I mentioned before that I could explain the weirdness that’s been going on for the last couple of days on the site. If you’re curious, here are the technical details:
We Use Master-Slave Replication
On LyricWiki, one of the tricks we use for scaling is called master-slave replication (that’s a how-to, not an explanation). The crux of the concept is that you can have one database (the master) which holds “the truth” and which you can read from and write to. The other server (the slave) is just for reading – it only knows what’s going on because the master gives it regular (almost instant) updates. Since the slave knows that it only has to listen to the master for updates, it can hold onto the data in a way that makes it REALLY fast for reading. There are several things you can do on LyricWiki that only require reading. For example, if you’re logged-out and are simply viewing a page, that’s a bunch of read-requests. We send 80% of the reads to the slave, and the master handles all of the writes and the other 20% of reads.
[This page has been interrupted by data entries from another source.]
text \<open>An edge of \<open>A\<close> off a shortest path has an endpoint outside the path (a chord would
  shorten it), so requiring it to be monochromatic costs a further factor \<open>card B\<close>.\<close>
lemma card_ends_coloured_extra_edge_le:
  assumes "finite B" "b \<in> B" and w: "is_shortest_walk H t s w"
    and A: "walk_edges w \<subseteq> A" "A \<subseteq> H" "A \<noteq> walk_edges w"
  shows "card B * card (ends_coloured B A b b) \<le> card B ^ card (V - set w)"
proof -
  obtain e where e: "e \<in> A" "e \<notin> walk_edges w"
    using A by blast
  then obtain x y where xy: "x \<in> V" "y \<in> V" "x \<noteq> y" "e = {x, y}"
    using A edges_H by blast
  have "x \<notin> set w \<or> y \<notin> set w"
    using shortest_walk_no_chord[OF w] e xy A by blast
  then obtain u v where uv: "v \<in> V" "v \<notin> set w" "u \<noteq> v" "e = {u, v}"
    using xy by (metis insert_commute)
  have walk: "is_walk A t s w"
    using w A unfolding is_shortest_walk_def is_walk_def by auto
  have "ends_coloured B A b b \<subseteq> {f \<in> V \<rightarrow>\<^sub>E B. (\<forall>z\<in>set w. f z = b) \<and> f v = f u}"
  proof
    fix f assume f: "f \<in> ends_coloured B A b b"
    then have "f \<in> V \<rightarrow>\<^sub>E B" "\<forall>z\<in>set w. f z = b"
      using monochromatic_colourings_walk_subset[OF walk, of V B b] unfolding ends_coloured_def by auto
    moreover have "\<forall>e\<in>A. monochromatic f e"
      using f unfolding ends_coloured_def monochromatic_colourings_def by blast
    then have "f v = f u"
      using e(1) uv(4) unfolding monochromatic_def by blast
    ultimately show "f \<in> {f \<in> V \<rightarrow>\<^sub>E B. (\<forall>z\<in>set w. f z = b) \<and> f v = f u}"
      by blast
  qed
  then have "card (ends_coloured B A b b) \<le> card {f \<in> V \<rightarrow>\<^sub>E B. (\<forall>z\<in>set w. f z = b) \<and> f v = f u}"
    by (rule card_mono[OF finite_colourings[OF assms(1)]])
  then show ?thesis
    using card_PiE_constant_on_equal_pair_le[OF finite_V assms(1) walk_subset_V[OF walk A(2)] assms(2) uv(1-3)]
    by (meson le_trans mult_le_mono2)
qed

lemma int_card_proper_ends_eq:
  assumes "finite B"
  shows "int (card {f \<in> proper_colourings V B H. f t = a \<and> f s = c}) =
    (\<Sum>A\<in>Pow H. (-1) ^ card A * int (card (ends_coloured B A a c)))"
proof -
  have "{f \<in> proper_colourings V B H. f t = a \<and> f s = c} =
      {f \<in> {f \<in> V \<rightarrow>\<^sub>E B. f t = a \<and> f s = c}. \<forall>e\<in>H. \<not> monochromatic f e}"
    by (auto simp: proper_colourings_def)
  moreover have "ends_coloured B A a c =
      {f \<in> {f \<in> V \<rightarrow>\<^sub>E B. f t = a \<and> f s = c}. \<forall>e\<in>A. monochromatic f e}" for A
    by (auto simp: ends_coloured_def monochromatic_colourings_def)
  moreover note int_card_filter_inclusion_exclusion[OF
      finite_colourings[of B "\<lambda>f. f t = a \<and> f s = c", OF assms] finite_H, of "\<lambda>e f. monochromatic f e"]
  ultimately show ?thesis
    by simp
qed
lemma adjoint_exists:
  fixes T :: "'a::{real_inner,complete_space} \<Rightarrow>\<^sub>L 'a"
  shows "\<exists>T'::'a \<Rightarrow>\<^sub>L 'a. \<forall>x y. inner (T x) y = inner x (T' y)"
proof -
  have "\<exists>z. \<forall>x. inner (T x) y = inner x z" for y
  proof -
    have "bounded_linear (\<lambda>x. inner (T x) y)"
      by (intro bounded_linear_compose[OF bounded_linear_inner_left] blinfun.bounded_linear_right)
    then show ?thesis by (metis Riesz_representation inner_commute)
  qed
  then obtain g where g: "\<And>x y. inner (T x) y = inner x (g y)" by metis
  have "bounded_linear g"
  proof (rule bounded_linear_intro)
    show "g (a + b) = g a + g b" for a b
      by (rule vector_eq_ldot[THEN iffD1]) (simp add: inner_add_right flip: g)
    show "g (r *\<^sub>R a) = r *\<^sub>R g a" for r a
      by (rule vector_eq_ldot[THEN iffD1]) (simp flip: g)
    show "norm (g y) \<le> norm y * norm T" for y
    proof -
      have "(norm (g y))\<^sup>2 = inner (T (g y)) y" by (simp add: g power2_norm_eq_inner)
      also have "\<dots> \<le> norm (T (g y)) * norm y" by (rule norm_cauchy_schwarz)
      also have "\<dots> \<le> norm T * norm (g y) * norm y" by (simp add: mult_right_mono norm_blinfun)
      finally show ?thesis by (cases "g y = 0") (auto simp: power2_eq_square algebra_simps)
    qed
  qed
  then show ?thesis using g by (intro exI[of _ "Blinfun g"]) (simp add: bounded_linear_Blinfun_apply)
qed

lemma unitary_with_adjointD:
  assumes "unitary_with_adjoint U U'"
  shows "U' (U x) = x" "U (U' x) = x"
    "inner (U x) y = inner x (U' y)" "inner (U' x) y = inner x (U y)"
  using assms unfolding unitary_with_adjoint_def by (auto simp: inner_commute)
What went wrong – Hard-drive space
The other night, the site started behaving weirdly. We started getting errors saying that there were too many connections. This should be rare at this point, and is generally fixed by restarting the database server (ie: kicking everyone out for a second and only serving those who come back). The errors kept happening though. To make a long story short, it became clear that the reason is that we ran out of hard-drive space on the server (the error messages weren’t too helpful in finding this). The reason we ran out of space is that the master and slave mentioned above communicate through a log-file. Each time a change happens on the master, it writes that change to a log-file which the slave is keeping an eye on.
The problem is that there are a TON of things happening on LyricWiki. Since the last time the logs were cleared (mid-march), we filled up 100gigs of hard-drive space with these log-files! The solution should have been just to move some of the old files to another hard-drive and restart the system. That’s what I did and that’s when things started getting weird.
Enter the mySQL bug
After the fix, things were taking a while to get back to normal. Then it became clear that they weren’t heading back to normal at all. Edits to pages weren’t taking effect, histories and diffs were skipping things… everything was a mess. After some digging, it became clear that the master-slave replication mentioned above was completely split. This means that the slave remembered the site the way it was a couple of days ago and wasn’t getting updates from the master. To make things even more confusing for users, the fact that 80% of the reads go to the master means that users would see the wrong pages 4/5 times and the correct (up-to-date) page 1/5 times. That’s just a really good way to drive someone bonkers :).
As it turns out, there is a known bug in mysql which will mess up the log file that the master and slave use to communicate in the event that you run out of hard-drive space. Yikes! This makes your slave completely and hopelessly lost. You have to delete it and start over. This means you need to have at least a brief outage on your site. The more data you have, the longer your outage.
1. mySQL – You’re still my homeboy
That’s a really bad bug for mySQL to have laying around, but I don’t condemn mySQL as a system because of it. I’ve been absolutely abusing that database system for about 6 years and this is the first time I found any errors to be mySQL’s fault. We often hear frustrated programmers saying their must be a bug in their underlying technology, and they are almost always wrong. It is usually the programmer’s fault. I’m as guilty as the next guy (esp. early on in my coding career before I started to realize the embarrassing pattern). Long story short: I still view mySQL as one of the most robust systems I work with. Much love. They need to fix this bug though, it will seriously bite every major site once it has to scale.
2. Keep this from happening to you
If you are using master-slave replication, learn from my mistakes and do a bit of preventative-work, it’ll be faster than mopping up after this mess. Write a daily cron-job to find out what log-file you are currently using on the slave and delete all of the older logs. If you have extra hard-drives, feel free to move the old logs and store them forever, but they’re probably just too big and unnecessary to keep around for very long.
3. I need monitoring!
I’d say this got fixed relatively smoothly considering how messed up things were… I checked disk space really early on just on a hunch, but I really had no hints from error-logs so this could have dragged on much longer. It was still about 2 days of unacceptably poor behavior for a site. About 8 hours of that was wasted before I found out. I’ve got to get a heart-beat script to run on another server and watch to make sure LyricWiki is always working and shoot me an email and/or text-message when it goes down. Then I’ll always be on it. I’ve written about a dewtrillion of these (that’s a lot because it’s caffeinated), I don’t know why I haven’t made one for LyricWiki yet.
Well, there you have it. Way more technical info on the problem than you could have ever wanted! All technical issues aside, I’m sorry it went down again. LyricWiki is not my full-time gig, so admittedly it’s a little sloppy for something used for millions of requests per day. Some day I may be able to devote more time to keep the site humming better, but until then I’ll just have to make better use of my time and be smarter about what I choose to do in the time I have (like write that monitor script!).
Even though it was a mySQL bug that caused it, they’re my servers and there is no excuse. My bad.